2 The C code from the web runs in just under 8 seconds on my computer, however the Fortran version using gamma and gaussian distribution takes 55 sec which is slower than python. Now I assume this is because the other web progs are using distributions returning scalars rather than a vector of size 1 like me, plus there is no statement as to correctness of implementation of the C/Java/Python etc libs. Indeed , I changed the return vector size in fortran to a large size and proportionally reduced the loop size and the the MKL implementation comes in under 2 seconds, so I'm obviously not doing a like by like comparison. BUT, my simplistic understanding of Gibbs sampling is that x and y need to be cross related across the 2 distributions and I can't think how to do this with a vector of size > 1 to take advantage of the MKL implementation, any ideas?? (I'm using a Mersenne Twister as a direct comparison - I can cut time in half with a simpler method)
thanks
Steve
include 'mkl_vsl.f90'
PROGRAM Gibbs
USE IFPORT
USE MKL_VSL_TYPE
USE MKL_VSL
IMPLICIT NONE
REAL(8) START_CLOCK, STOP_CLOCK
INTEGER status,n,i,j, M, thin
REAL(8), DIMENSION(1) :: x,y
TYPE (VSL_STREAM_STATE) :: stream, stream2
REAL(8) alpha, a
!VSL_RNG_METHOD_GAMMA_GNORM_ACCURATE
!VSL_RNG_METHOD_GAMMA_GNORM
!VSL_RNG_METHOD_EXPONENTIAL_ICDF_ACCURATE
START_CLOCK = DCLOCK()
n=1
alpha = 3.0
a=1.0
x(1) = 0.0
y(1) = 0.0
M=50000
thin=1000
status = vslnewstream( stream, VSL_BRNG_SFMT19937, 1777 )
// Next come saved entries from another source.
(* Let $d\ge 2$ and $k$ be integers with $0\le k\le d-1$. Then there is an integer $n=n(d,k)$ and a set of $n$ $k$-flats in $\mathbb{R}^d$ in general position which is not in convex position.
   Context: A $k$-flat is an affine subspace of $\mathbb{R}^d$ of dimension $k$. A set $\{U_1,\ldots,U_n\}$ of $k$-flats in $\mathbb{R}^d$ ($0\le k\le d-1$) is in convex position if there is a $d$-dimensional convex polytope $P\subset\mathbb{R}^d$ such that $U_i\cap P$ is a $k$-dimensional face of $P$ for every $i\in[n]$. General position: if $0\le k\le d-2$, the $k$-flats $U_1,\ldots,U_n$ are in general position if there is a $(d-k)$-flat $A$ such that $U_i\cap A$ is a single point for every $i$, no three of these $n$ points are collinear, and their affine hull equals $A$. If $k=d-1$, $n\ge d$ hyperplanes are in general position if every $d$ of them intersect in a single point and these $\binom nd$ points are pairwise distinct. *)

theory Defs
  imports "HOL-Analysis.Analysis"
begin

definition k_flat :: "nat \<Rightarrow> 'a::euclidean_space set \<Rightarrow> bool" where
  "k_flat k U \<longleftrightarrow> affine U \<and> U \<noteq> {} \<and> aff_dim U = int k"

definition convex_position :: "nat \<Rightarrow> nat \<Rightarrow> (nat \<Rightarrow> 'a::euclidean_space set) \<Rightarrow> bool" where
  "convex_position k n U \<longleftrightarrow>
     (\<exists>P::'a set. polytope P \<and> aff_dim P = int DIM('a) \<and>
        (\<forall>i<n. (U i \<inter> P) face_of P \<and> aff_dim (U i \<inter> P) = int k))"

definition general_position :: "nat \<Rightarrow> nat \<Rightarrow> (nat \<Rightarrow> 'a::euclidean_space set) \<Rightarrow> bool" where
  "general_position k n U \<longleftrightarrow>
     (if k + 2 \<le> DIM('a) then
        (\<exists>A p. k_flat (DIM('a) - k) A \<and>
           (\<forall>i<n. U i \<inter> A = {p i}) \<and>
           inj_on p {..<n} \<and>
           (\<forall>i<n. \<forall>j<n. \<forall>l<n. i \<noteq> j \<and> i \<noteq> l \<and> j \<noteq> l \<longrightarrow> \<not> collinear {p i, p j, p l}) \<and>
           affine hull (p ` {..<n}) = A)
      else
        n \<ge> DIM('a) \<and>
        (\<exists>q. (\<forall>I. I \<subseteq> {..<n} \<and> card I = DIM('a) \<longrightarrow> (\<Inter>i\<in>I. U i) = {q I}) \<and>
             inj_on q {I. I \<subseteq> {..<n} \<and> card I = DIM('a)}))"

end

theory Submission
  imports Defs
begin

(*
  For k <= d - 2 the flats are translates p i + L of one k-dimensional subspace L, with the
  points p i in a complementary subspace A: the origin, a basis e_0, ..., e_(m-1) of A and the
  centroid of 0, e_0, e_1. Two linear functionals map them to points (t, t^2) of a parabola and
  to (1, 5/3), which shows that no three are collinear. If the translates met a polytope P in
  faces, the centroid of points of P on the translates through 0, e_0, e_1 would lie on the
  translate through the centroid, hence inside that face, and the face would then also contain
  the point on the translate through 0, which is disjoint from it.

  For k = d - 1 the flats are hyperplanes w i \<bullet> x = c i: one through the origin with a basis
  vector as normal, and, for each direction u = e_b or u = -e_b, a cluster of d hyperplanes
  w \<bullet> x = 1 with w close to u, plus one whose normal is a nonnegative combination of theirs of
  total weight > 1. A polytope touching every cluster hyperplane in a face cannot lie beyond
  all hyperplanes of a cluster, as it would then miss the combined one; this confines it to
  the cube [-4/3, 4/3]^d. The hyperplane through the origin then leaves the polytope on one
  side, and the cluster around the direction of that side cannot reach it. General position
  is achieved by choosing every new normal outside a finite union of null sets.
*)

lemma mem_translation_iff:
  fixes a x :: "'a::ab_group_add"
  shows "x \<in> (+) a ` S \<longleftrightarrow> x - a \<in> S"
  by (metis add_diff_cancel_left' diff_add_cancel image_iff add.commute)

lemma k_flat_translation_subspace:
  assumes "subspace L"
  shows "k_flat (dim L) ((+) a ` L)"
  using assms subspace_0[OF assms]
  by (auto simp: k_flat_def affine_translation[symmetric] subspace_imp_affine
      aff_dim_translation_eq aff_dim_subspace)

lemma translation_subspace_Int:
  assumes "subspace A" "subspace L" "A \<inter> L \<subseteq> {0}" "a \<in> A"
  shows "(+) a ` L \<inter> A = {a}"
proof -
  have "x = a" if "x - a \<in> L" "x \<in> A" for x
    using that assms subspace_diff[of A x a] by auto
  moreover have "a \<in> (+) a ` L" using assms(2) subspace_0[of L] by (simp add: mem_translation_iff)
  ultimately show ?thesis
    using assms(4) mem_translation_iff by blast
qed

lemma span_Int_span_Basis_diff:
  assumes "B \<subseteq> Basis"
  shows "span B \<inter> span (Basis - B) \<subseteq> {0 :: 'a::euclidean_space}"
proof
  fix x :: 'a assume x: "x \<in> span B \<inter> span (Basis - B)"
  have "x \<bullet> b = 0" if "b \<in> Basis" for b
  proof -
    have "orthogonal b x" if "x \<in> span S" "b \<in> Basis - S" "S \<subseteq> Basis" for S
      using that(1) by (rule orthogonal_to_span) (use that in \<open>auto simp: orthogonal_def inner_Basis\<close>)
    then show ?thesis
      using x assms \<open>b \<in> Basis\<close> by (cases "b \<in> B") (auto simp: orthogonal_def inner_commute)
  qed
  then show "x \<in> {0}" using euclidean_all_zero_iff by blast
qed

lemma k_flat_hyperplane:
  fixes a :: "'a::euclidean_space"
  assumes "a \<noteq> 0"
  shows "k_flat (DIM('a) - 1) {x. a \<bullet> x = b}"
proof -
  have "\<exists>x. a \<bullet> x = b"
    using assms by (intro exI[of _ "(b / (a \<bullet> a)) *\<^sub>R a"]) simp
  then show ?thesis
    using assms unfolding k_flat_def by (auto simp: affine_hyperplane aff_dim_hyperplane)
qed

lemma convex_position_nonempty_faces:
  assumes "convex_position k n U"
  obtains P where "polytope P" "\<And>i. i < n \<Longrightarrow> (U i \<inter> P) face_of P \<and> U i \<inter> P \<noteq> {}"
proof -
  obtain P where "polytope P" and faces: "\<forall>i<n. (U i \<inter> P) face_of P \<and> aff_dim (U i \<inter> P) = int k"
    using assms unfolding convex_position_def by blast
  moreover have "U i \<inter> P \<noteq> {}" if "i < n" for i
    using faces that by fastforce
  ultimately show ?thesis using that by blast
qed

lemma face_of_hyperplane_one_side:
  fixes a :: "'a::euclidean_space"
  assumes "convex P" and "({x. a \<bullet> x = b} \<inter> P) face_of P"
  shows "(\<forall>x\<in>P. a \<bullet> x \<le> b) \<or> (\<forall>x\<in>P. b \<le> a \<bullet> x)"
proof (rule ccontr)
  assume "\<not> ?thesis"
  then obtain p q where p: "p \<in> P" "b < a \<bullet> p" and q: "q \<in> P" "a \<bullet> q < b"
    by (auto simp: not_le)
  define t where "t = (b - a \<bullet> q) / (a \<bullet> p - a \<bullet> q)"
  have t: "0 < t" "t < 1" using p q by (auto simp: t_def field_simps)
  define c where "c = (1 - t) *\<^sub>R q + t *\<^sub>R p"
  have "c \<in> P" using assms(1) p q t unfolding c_def by (auto intro: convexD)
  moreover have "a \<bullet> c = b"
    using p q by (simp add: c_def t_def inner_add_right algebra_simps) (simp add: field_simps)
  moreover have "c \<in> open_segment q p" using t p q by (auto simp: in_segment c_def)
  ultimately have "p \<in> {x. a \<bullet> x = b}"
    using assms(2) p q unfolding face_of_def by blast
  then show False using p by simp
qed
status = vslnewstream( stream2, VSL_BRNG_SFMT19937, 1877 )
! f(x|y) = (x^2)*exp(-x*(4+y*y)) ## a Gamma density kernel
! f(y|x) = exp(-0.5*2*(x+1)*(y^2 - 2*y/(x+1)) ## a Gaussian kernel
do j=1,M
do i=1,thin
status = vdrnggamma(VSL_RNG_METHOD_GAMMA_GNORM, stream, n, x, alpha, a, (1.0/(4.0 + y(1)**2) ) )
status = vdrnggaussian( VSL_RNG_METHOD_GAUSSIAN_ICDF, stream2, n, y, a, 1.0/sqrt(2*x(1)+2) )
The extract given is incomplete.